Open Girishchandra-Yendargaye opened 4 years ago
@Girishchandra-Yendargaye The initial creation of the distributed domain is memory heavy. A sequential domain is created on processor 0 and then we run the structure through metis to partition the structure (again just on processor 0). This essentially doubles the memory. And then the partitions are communicated to the other processors.
What can be done if you are going to be running a number of simulations with the same underlying domain, is to do the partitioning once on a large memory machine or computational node, and then use that distributed structure for all subsequent simulations.
Apologies for the intervention (and for not using the users-list), but I have a follow-up question: After generating and partitioning the mesh into N structures using one processor, how can we save the individual structures and read them later using N processors?
@Girishchandra-Yendargaye Have a look at the code in the folder anuga/simulation and anuga/parallel/parallel_api.py There is code in there using sequential_distribute to do the creation of the the distribution without necessarily running the evolve.
@stoiver Thank you sir for reply I am running only pickling part still it is failing...Below is code domain = create_domain_from_file(meshfile_name) print "domain created!" domain.set_quantity('elevation',numeric=5.0, #triangle_elevation use_cache=cache, verbose=True, alpha=0.1,location='vertices') print "quantities Set " domain.set_store(True) print "Domain Store set!" sequential_distribute_dump(domain, 2000, verbose=True) print "process completed!"
domain created! quantities Set Domain name set!

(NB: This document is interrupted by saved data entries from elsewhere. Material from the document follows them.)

lemma L_Sym: "p \<in> P \<Longrightarrow> L p \<in> Sym S"
  unfolding Sym_def
  by (auto intro!: bij_betw_byWitness[where f' = "L (inv p)"] elim!: S_cases
      simp: L_\<phi> L_outside comp_in_P inv_in_P S_eq comp_assoc)

lemma simply_transitive_L: "simply_transitive {L p | p. p \<in> P} S"
  unfolding simply_transitive_def
proof (intro ballI)
  fix x y assume "x \<in> S" "y \<in> S"
  then obtain q r where q: "q \<in> P" "x = \<phi> q" and r: "r \<in> P" "y = \<phi> r"
    by (auto elim!: S_cases)
  show "\<exists>!f. f \<in> {L p | p. p \<in> P} \<and> f x = y"
  proof (rule ex1I[where a = "L (r \<circ> inv q)"])
    show "L (r \<circ> inv q) \<in> {L p | p. p \<in> P} \<and> L (r \<circ> inv q) x = y"
      using q r by (auto simp: L_\<phi> comp_in_P inv_in_P comp_assoc)
  next
    fix f assume "f \<in> {L p | p. p \<in> P} \<and> f x = y"
    then obtain p where p: "p \<in> P" "f = L p" and "\<phi> (p \<circ> q) = \<phi> r"
      using q r by (auto simp: L_\<phi>)
    then have "p \<circ> q = r"
      using q r inj_on_\<phi> by (auto simp: comp_in_P dest: inj_onD)
    then have "p = r \<circ> inv q"
      using q by (auto simp: comp_assoc)
    then show "f = L (r \<circ> inv q)" using p by simp
  qed
qed

text \<open>Replacing \<open>\<phi>\<close> by \<open>\<phi> \<circ> inv\<close> exchanges the roles of the left and right representations.\<close>
lemma swap: "regular_representations P (\<phi> \<circ> inv) S R L"
proof
  show "inj_on (\<phi> \<circ> inv) P"
  proof (rule inj_onI)
    fix p q assume p: "p \<in> P" and q: "q \<in> P" and "(\<phi> \<circ> inv) p = (\<phi> \<circ> inv) q"
    then have "\<phi> (inv p) = \<phi> (inv q)" by simp
    then have "inv p = inv q"
      by (rule inj_onD[OF inj_on_\<phi> _ inv_in_P[OF p] inv_in_P[OF q]])
    then show "p = q"
      using comp_inv_cancel(5)[OF p] comp_inv_cancel(5)[OF q] by metis
  qed
  have "P \<subseteq> inv ` P"
  proof
    fix p assume "p \<in> P"
    then show "p \<in> inv ` P"
      using image_eqI[of p inv "inv p"] inv_in_P by simp
  qed
  then have "inv ` P = P"
    using inv_in_P by blast
  then show "S = (\<phi> \<circ> inv) ` P"
    by (metis S_eq image_comp)
  fix p q assume "p \<in> P" "q \<in> P"
  then show "R p ((\<phi> \<circ> inv) q) = (\<phi> \<circ> inv) (p \<circ> q)"
    and "L p ((\<phi> \<circ> inv) q) = (\<phi> \<circ> inv) (q \<circ> inv p)"
    by (simp_all add: R_\<phi> L_\<phi> inv_in_P o_inv_distrib bij_P)
qed (simp_all add: id_in_P comp_in_P inv_in_P bij_P L_outside R_outside)

lemma R_Sym: "p \<in> P \<Longrightarrow> R p \<in> Sym S"
proof -
  interpret swapped: regular_representations P "\<phi> \<circ> inv" S R L by (rule swap)
  show "p \<in> P \<Longrightarrow> R p \<in> Sym S" by (rule swapped.L_Sym)
qed

lemma R_L_commute:
  assumes "p \<in> P" "r \<in> P"
  shows "R p \<circ> L r = L r \<circ> R p"
proof
  fix x
  show "(R p \<circ> L r) x = (L r \<circ> R p) x"
    using assms
    by (cases "x \<in> S")
      (auto elim!: S_cases simp: L_\<phi> R_\<phi> L_outside R_outside comp_in_P inv_in_P comp_assoc)
qed

lemma centralizer_L: "centralizer_in S {L p | p. p \<in> P} = {R p | p. p \<in> P}"
proof
  show "{R p | p. p \<in> P} \<subseteq> centralizer_in S {L p | p. p \<in> P}"
    using R_Sym R_L_commute by (auto simp: centralizer_in_def)
next
  show "centralizer_in S {L p | p. p \<in> P} \<subseteq> {R p | p. p \<in> P}"
  proof
    fix f assume "f \<in> centralizer_in S {L p | p. p \<in> P}"
    then have f_Sym: "f \<in> Sym S" and f_comm: "\<And>r. r \<in> P \<Longrightarrow> f \<circ> L r = L r \<circ> f"
      unfolding centralizer_in_def by blast+
    have "f (\<phi> id) \<in> S"
      using f_Sym id_in_P S_eq unfolding Sym_def bij_betw_def by blast
    then obtain m where m: "m \<in> P" "f (\<phi> id) = \<phi> m" by (rule S_cases)
    text \<open>A map commuting with all left translations is determined by its value at \<open>\<phi> id\<close>.\<close>
    have "f x = R (inv m) x" for x
    proof (cases "x \<in> S")
      case True
      then obtain q where q: "q \<in> P" "x = \<phi> q" by (rule S_cases)
      have "f x = f (L q (\<phi> id))" using q id_in_P by (simp add: L_\<phi>)
      also have "\<dots> = L q (\<phi> m)" using fun_cong[OF f_comm[OF q(1)]] m by simp
      also have "\<dots> = R (inv m) x" using m q by (simp add: L_\<phi> R_\<phi> inv_in_P)
      finally show ?thesis .
    qed (simp add: Sym_apply_outside[OF f_Sym] R_outside)
    then show "f \<in> {R p | p. p \<in> P}" using m inv_in_P by blast
  qed
qed

theorem dual_group_L_R: "dual_group S {L p | p. p \<in> P} {R p | p. p \<in> P}"
proof -
  interpret swapped: regular_representations P "\<phi> \<circ> inv" S R L by (rule swap)
  show ?thesis
    unfolding dual_group_def
    using L_Sym R_Sym simply_transitive_L swapped.simply_transitive_L
      centralizer_L swapped.centralizer_L by blast
qed

end

lemma internal_direct_productI:
  assumes comp_left: "\<And>a b. a \<in> A \<Longrightarrow> b \<in> B \<Longrightarrow> F a e\<^sub>B \<circ> F e\<^sub>A b = F a b"
    and comp_right: "\<And>a b. a \<in> A \<Longrightarrow> b \<in> B \<Longrightarrow> F e\<^sub>A b \<circ> F a e\<^sub>B = F a b"
    and units: "e\<^sub>A \<in> A" "e\<^sub>B \<in> B" "F e\<^sub>A e\<^sub>B = id"
    and trivial_meet: "\<And>a b. a \<in> A \<Longrightarrow> b \<in> B \<Longrightarrow> F a e\<^sub>B = F e\<^sub>A b \<Longrightarrow> F a e\<^sub>B = id"
  shows "internal_direct_product {F a b | a b. a \<in> A \<and> b \<in> B}
           {F a e\<^sub>B | a. a \<in> A} {F e\<^sub>A b | b. b \<in> B}"
  unfolding internal_direct_product_def
proof (intro conjI)
  show "\<forall>k\<in>{F a e\<^sub>B | a. a \<in> A}. \<forall>l\<in>{F e\<^sub>A b | b. b \<in> B}. k \<circ> l = l \<circ> k"
    using comp_left comp_right by auto
  show "{F a e\<^sub>B | a. a \<in> A} \<inter> {F e\<^sub>A b | b. b \<in> B} = {id}"
  proof
    show "{F a e\<^sub>B | a. a \<in> A} \<inter> {F e\<^sub>A b | b. b \<in> B} \<subseteq> {id}"
      using trivial_meet by blast
    show "{id} \<subseteq> {F a e\<^sub>B | a. a \<in> A} \<inter> {F e\<^sub>A b | b. b \<in> B}"
      using units by (auto intro!: exI[where x = e\<^sub>A] exI[where x = e\<^sub>B])
  qed
  show "{F a b | a b. a \<in> A \<and> b \<in> B} =
      {k \<circ> l | k l. k \<in> {F a e\<^sub>B | a. a \<in> A} \<and> l \<in> {F e\<^sub>A b | b. b \<in> B}}"
    using comp_left by (fastforce simp flip: comp_left)
qed
(* Let $G_1$ and $G_2$ be two disjoint $(k+1)$-critical hypergraphs with $k\ge2$, let $\tilde e\in E(G_1)$ and $\tilde v\in V(G_2)$ be arbitrary, and let $s$ be an admissible map for $(\tilde e,G_2,\tilde v)$. Let $G=S(G_1,\tilde e,G_2,\tilde v,s)$ and $G_2'=G[(V(G_2)\setminus\{\tilde v\})\cup\tilde e]$. Assume that for every $k$-coloring $\varphi$ of $G[\tilde e]$ with $|\varphi(\tilde e)|\ge2$ there is a $k$-coloring $\varphi'$ of $G_2'$ whose restriction to $\tilde e$ equals $\varphi$. Then $G$ is $(k+1)$-critical.
   Context: A hypergraph is a pair $G=(V,E)$ of finite sets with $E\subseteq 2^V$ and $|e|\ge2$ for all $e\in E$. A $k$-coloring is a map $V\to\{1,\dots,k\}$ such that every edge contains two vertices of different colors; $\chi$ is the chromatic number. $G$ is $(k+1)$-critical if $\chi(G)=k+1$ but $\chi(H)\le k$ for every proper subhypergraph $H$. $G[X]$ has vertex set $X$ and the edges of $G$ contained in $X$. $\partial_G(v)$ is the set of edges containing $v$. Splitting: let $G_1,G_2$ be disjoint hypergraphs, $\tilde e\in E(G_1)$, $\tilde v\in V(G_2)$, and $s:\partial_{G_2}(\tilde v)\to 2^{\tilde e}$ a map (called admissible) with $s(e)\ne\varnothing$ for all $e$ and $\bigcup_{e}s(e)=\tilde e$. Then $S(G_1,\tilde e,G_2,\tilde v,s)$ is the hypergraph with vertex set $V(G_1)\cup(V(G_2)\setminus\{\tilde v\})$ and edge set $(E(G_1)\setminus\{\tilde e\})\cup(E(G_2)\setminus\partial_{G_2}(\tilde v))\cup\{(e\setminus\{\tilde v\})\cup s(e): e\in\partial_{G_2}(\tilde v)\}$. *)

theory Defs
  imports Main
begin

type_synonym 'a hypergraph = "'a set \<times> 'a set set"

definition verts :: "'a hypergraph \<Rightarrow> 'a set" where "verts G = fst G"
definition edges :: "'a hypergraph \<Rightarrow> 'a set set" where "edges G = snd G"

definition hypergraph :: "'a hypergraph \<Rightarrow> bool" where
  "hypergraph G \<longleftrightarrow> finite (verts G) \<and> edges G \<subseteq> Pow (verts G)
     \<and> (\<forall>e\<in>edges G. 2 \<le> card e)"

definition is_coloring :: "'a hypergraph \<Rightarrow> nat \<Rightarrow> ('a \<Rightarrow> nat) \<Rightarrow> bool" where
  "is_coloring G k f \<longleftrightarrow> f ` verts G \<subseteq> {1..k}
     \<and> (\<forall>e\<in>edges G. \<exists>x\<in>e. \<exists>y\<in>e. f x \<noteq> f y)"

definition chi :: "'a hypergraph \<Rightarrow> nat" where
  "chi G = (LEAST k. \<exists>f. is_coloring G k f)"

definition subhypergraph :: "'a hypergraph \<Rightarrow> 'a hypergraph \<Rightarrow> bool" where
  "subhypergraph H G \<longleftrightarrow> hypergraph H \<and> verts H \<subseteq> verts G \<and> edges H \<subseteq> edges G"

Domain Store set! sequential_distribute: Subdivide mesh Error! ***Memory allocation failed for TRINODALMETIS: nind. Requested size: -1302189028
Can you please suggest something.
@stoiver One more issue while sequential_distribute 39742 Segmentation fault
Even if memory is available it is failing
Distribution is failing.. sequential_distribute: Subdivide mesh Error! ***Memory allocation failed for TRINODALMETIS: nind.
Why does distribute require additional memory